--- EXERCISE ---
Your answer is the lines below, exactly, from the one that contains "by (simp add: cos_add cos_diff)" through the one that contains "dirichlet_kernel k t) = 2", both included.

--- RECORDED DATA ---
_ _ _ _
(* Let $1\le p<\infty$ and let $\nu$ be a modulus of variation with $\nu(k)\uparrow\infty$ and $\nu(k)/k^{1/p}$ nonincreasing with limit $0$. Let $f$ be a continuous $2\pi$-periodic function. Then $f\in V_p[\nu]$ if and only if the sequence $\{F_n\}$ of Fejér means of $f$ is bounded in $V_p[\nu]$, i.e. $\sup_n\|F_n\|_{p,\nu}<\infty$.
   Context: A modulus of variation is a nondecreasing concave sequence of positive numbers. The Fejér kernel is $K_n(t)=\frac{2}{n+1}\Big(\frac{\sin\frac12(n+1)t}{2\sin\frac12t}\Big)^2$ and the Fejér mean is $F_n(x)=\frac1\pi\int_{-\pi}^{\pi}f(x+t)K_n(t)\,dt$. For a $2\pi$-periodic $g$, $\upsilon_p(n,g)=\sup(\sum_{j=1}^n|g(I_j)|^p)^{1/p}$ over $n$ nonoverlapping subintervals $I_j$ of a period interval $[a,b]=[a,a+2\pi]$, with $g(I)=g(\sup I)-g(\inf I)$; $\|g\|_{p,\nu}=\sup_n\upsilon_p(n,g)/\nu(n)+\sup_{x\in[a,b]}|g(x)|$, and $V_p[\nu]$ is the set of $g$ with $\|g\|_{p,\nu}<\infty$. *)

theory Defs
  imports "HOL-Analysis.Analysis"
begin

definition modulus_of_variation :: "(nat \<Rightarrow> real) \<Rightarrow> bool" where
  "modulus_of_variation \<nu> \<longleftrightarrow>
     (\<forall>n\<ge>1. 0 < \<nu> n) \<and>
     (\<forall>n\<ge>1. \<nu> n \<le> \<nu> (Suc n)) \<and>
     (\<forall>n\<ge>1. \<nu> (Suc (Suc n)) - \<nu> (Suc n) \<le> \<nu> (Suc n) - \<nu> n)"

definition fejer_kernel :: "nat \<Rightarrow> real \<Rightarrow> real" where
  "fejer_kernel n t = 2 / (real n + 1) * (sin ((real n + 1) * t / 2) / (2 * sin (t / 2)))^2"

definition fejer_mean :: "(real \<Rightarrow> real) \<Rightarrow> nat \<Rightarrow> real \<Rightarrow> real" where
  "fejer_mean f n x = (1 / pi) * integral {-pi..pi} (\<lambda>t. f (x + t) * fejer_kernel n t)"

definition nonoverlapping_family :: "real \<Rightarrow> nat \<Rightarrow> (nat \<Rightarrow> real) \<Rightarrow> (nat \<Rightarrow> real) \<Rightarrow> bool" where
  "nonoverlapping_family a n s t \<longleftrightarrow>
     (\<forall>j<n. a \<le> s j \<and> s j \<le> t j \<and> t j \<le> a + 2 * pi) \<and>
     (\<forall>i<n. \<forall>j<n. i \<noteq> j \<longrightarrow> t i \<le> s j \<or> t j \<le> s i)"

definition p_variation :: "real \<Rightarrow> real \<Rightarrow> nat \<Rightarrow> (real \<Rightarrow> real) \<Rightarrow> ereal" where
  "p_variation a p n g =
     (SUP st \<in> {(s, t). nonoverlapping_family a n s t}.
        ereal ((\<Sum>j<n. \<bar>g (snd st j) - g (fst st j)\<bar> powr p) powr (1 / p)))"

definition Vp_norm :: "real \<Rightarrow> real \<Rightarrow> (nat \<Rightarrow> real) \<Rightarrow> (real \<Rightarrow> real) \<Rightarrow> ereal" where
  "Vp_norm a p \<nu> g =
     (SUP n \<in> {1..}. p_variation a p n g / ereal (\<nu> n)) +
     (SUP x \<in> {a..a + 2 * pi}. ereal \<bar>g x\<bar>)"

definition Vp :: "real \<Rightarrow> real \<Rightarrow> (nat \<Rightarrow> real) \<Rightarrow> (real \<Rightarrow> real) set" where
  "Vp a p \<nu> = {g. Vp_norm a p \<nu> g < \<infinity>}"

end

theory Submission
  imports Defs
begin

text \<open>
  The Fejer mean F_n f (x) is the average of the translates f (x + u) with respect to the
  probability density K_n (u) / \<pi> on [-\<pi>, \<pi>]. By Jensen's inequality, the p-sum of the
  increments of F_n f over k nonoverlapping intervals is at most the average over u of the
  p-sums of f over the translated intervals. Cutting a translated family at the point congruent
  to a and moving the two parts back by a period gives 2k intervals in [a, a + 2\<pi>], at the price
  of a factor 2 ^ (p - 1); as \<nu> (2k) \<le> 2 ^ (1/p) \<nu> (k), the increments of F_n f are bounded by
  twice those of f. Conversely, F_n f \<longrightarrow> f pointwise since K_n is an approximate identity, and
  the bounds pass to the limit.
\<close>

section \<open>The Fejer kernel as a trigonometric polynomial\<close>

definition dirichlet_kernel :: "nat \<Rightarrow> real \<Rightarrow> real" where
  "dirichlet_kernel k t = 1/2 + (\<Sum>j=1..k. cos (real j * t))"

text \<open>It agrees with fejer_kernel
  except at the zeros of sin (t/2), where fejer_kernel takes the junk value 0 (division by
  zero); being continuous, it is the version we integrate against.\<close>
definition fejer_poly :: "nat \<Rightarrow> real \<Rightarrow> real" where
  "fejer_poly n t = (\<Sum>k\<le>n. dirichlet_kernel k t) / (real n + 1)"

lemma sin_half_mult_dirichlet_kernel:
  "2 * sin (t/2) * dirichlet_kernel k t = sin ((real k + 1/2) * t)"
proof (induction k)
  case 0
  then show ?case by (simp add: dirichlet_kernel_def)
next
  case (Suc k)
  have "(real k + 3/2) * t = (real k + 1) * t + t/2" "(real k + 1/2) * t = (real k + 1) * t - t/2"
    by (simp_all add: algebra_simps)
  then have "sin ((real k + 3/2) * t) = sin ((real k + 1/2) * t) + 2 * sin (t/2) * cos ((real k + 1) * t)"
    by (simp add: sin_add sin_diff)
  with Suc show ?case
    by (simp add: dirichlet_kernel_def algebra_simps)
qed

lemma sum_sin_half_mult_sin:
  "(\<Sum>k\<le>n. 2 * sin (t/2) * sin ((real k + 1/2) * t)) = 1 - cos ((real n + 1) * t)"
proof (induction n)
  case 0
  show ?case using cos_double_sin[of "t/2"] by (simp add: power2_eq_square)
next
  case (Suc n)
  have "(real n + 2) * t = (real n + 3/2) * t + t/2" "(real n + 1) * t = (real n + 3/2) * t - t/2"
    by (simp_all add: algebra_simps)
  then have "2 * sin (t/2) * sin ((real n + 3/2) * t) = cos ((real n + 1) * t) - cos ((real n + 2) * t)"
    by (simp add: cos_add cos_diff)
  with Suc show ?case by (simp add: algebra_simps)
qed

lemma fejer_kernel_eq_fejer_poly:
  assumes "sin (t/2) \<noteq> 0"
  shows "fejer_kernel n t = fejer_poly n t"
proof -
  let ?s = "sin (t/2)"
  have "(2 * ?s)\<^sup>2 * (\<Sum>k\<le>n. dirichlet_kernel k t) = (\<Sum>k\<le>n. 2 * ?s * (2 * ?s * dirichlet_kernel k t))"
    by (simp add: sum_distrib_left power2_eq_square mult.assoc)
  also have "\<dots> = (\<Sum>k\<le>n. 2 * ?s * sin ((real k + 1/2) * t))"
    by (simp only: sin_half_mult_dirichlet_kernel)
  also have "\<dots> = 2 * (sin ((real n + 1) * t / 2))\<^sup>2"
    using sum_sin_half_mult_sin cos_double_sin[of "(real n + 1) * t / 2"] by simp
  finally have "(\<Sum>k\<le>n. dirichlet_kernel k t) = 2 * (sin ((real n + 1) * t / 2) / (2 * ?s))\<^sup>2"
    using assms by (simp add: power_divide field_simps)
  then show ?thesis by (simp add: fejer_kernel_def fejer_poly_def)
qed

lemma continuous_on_fejer_poly: "continuous_on S (fejer_poly n)"
  unfolding fejer_poly_def dirichlet_kernel_def by (intro continuous_intros) simp

lemma has_integral_cos_mult:
  assumes "j \<ge> 1"
  shows "((\<lambda>t. cos (real j * t)) has_integral 0) {-pi..pi}"
proof -
  have "((\<lambda>t. cos (real j * t)) has_integral sin (real j * pi) / real j - sin (real j * - pi) / real j) {-pi..pi}"
    using assms
    by (intro fundamental_theorem_of_calculus)
       (auto intro!: derivative_eq_intros simp flip: has_real_derivative_iff_has_vector_derivative)
  then show ?thesis by (simp add: sin_zero_iff_int2)
qed

lemma has_integral_dirichlet_kernel: "(dirichlet_kernel k has_integral pi) {-pi..pi}"
proof -
  have "((\<lambda>_. 1/2) has_integral pi) {-pi..pi}"
    using has_integral_const_real[of "1/2::real" "-pi" pi] by simp
  then have "(dirichlet_kernel k has_integral pi + (\<Sum>j=1..k. 0)) {-pi..pi}"
    unfolding dirichlet_kernel_def[abs_def]
    by (intro has_integral_add has_integral_sum has_integral_cos_mult) auto
  then show ?thesis by simp
qed

lemma has_integral_fejer_poly: "(fejer_poly n has_integral pi) {-pi..pi}"
proof -
  have "((\<lambda>t. (\<Sum>k\<le>n. dirichlet_kernel k t) / (real n + 1)) has_integral (\<Sum>k\<le>n. pi) / (real n + 1)) {-pi..pi}"
    by (intro has_integral_divide has_integral_sum has_integral_dirichlet_kernel) auto
  then show ?thesis by (simp add: fejer_poly_def[abs_def] add.commute)
qed

lemma sin_half_neq_zero:
  assumes "t \<in> {-pi..pi}" "t \<noteq> 0"
  shows "sin (t/2) \<noteq> 0"
  using assms sin_eq_0_pi[of "t/2"] by auto

lemma fejer_poly_nonneg:
  assumes "t \<in> {-pi..pi}"
  shows "0 \<le> fejer_poly n t"
proof (cases "t = 0")
  case True
  then show ?thesis by (simp add: fejer_poly_def dirichlet_kernel_def sum_nonneg)
next
  case False
  have "0 \<le> fejer_kernel n t" by (simp add: fejer_kernel_def)
  with False show ?thesis
    using fejer_kernel_eq_fejer_poly[OF sin_half_neq_zero[OF assms]] by simp
qed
_ _ _ _
--- YOUR SOLUTION ---
    by (simp add: cos_add cos_diff)
  with Suc show ?case by (simp add: algebra_simps)
qed

lemma fejer_kernel_eq_fejer_poly:
  assumes "sin (t/2) \<noteq> 0"
  shows "fejer_kernel n t = fejer_poly n t"
proof -
  let ?s = "sin (t/2)"
  have "(2 * ?s)\<^sup>2 * (\<Sum>k\<le>n. dirichlet_kernel k t) = (\<Sum>k\<le>n. 2 * ?s * (2 * ?s * dirichlet_kernel k t))"
    by (simp add: sum_distrib_left power2_eq_square mult.assoc)
  also have "\<dots> = (\<Sum>k\<le>n. 2 * ?s * sin ((real k + 1/2) * t))"
    by (simp only: sin_half_mult_dirichlet_kernel)
  also have "\<dots> = 2 * (sin ((real n + 1) * t / 2))\<^sup>2"
    using sum_sin_half_mult_sin cos_double_sin[of "(real n + 1) * t / 2"] by simp
  finally have "(\<Sum>k\<le>n. dirichlet_kernel k t) = 2 * (sin ((real n + 1) * t / 2) / (2 * ?s))\<^sup>2"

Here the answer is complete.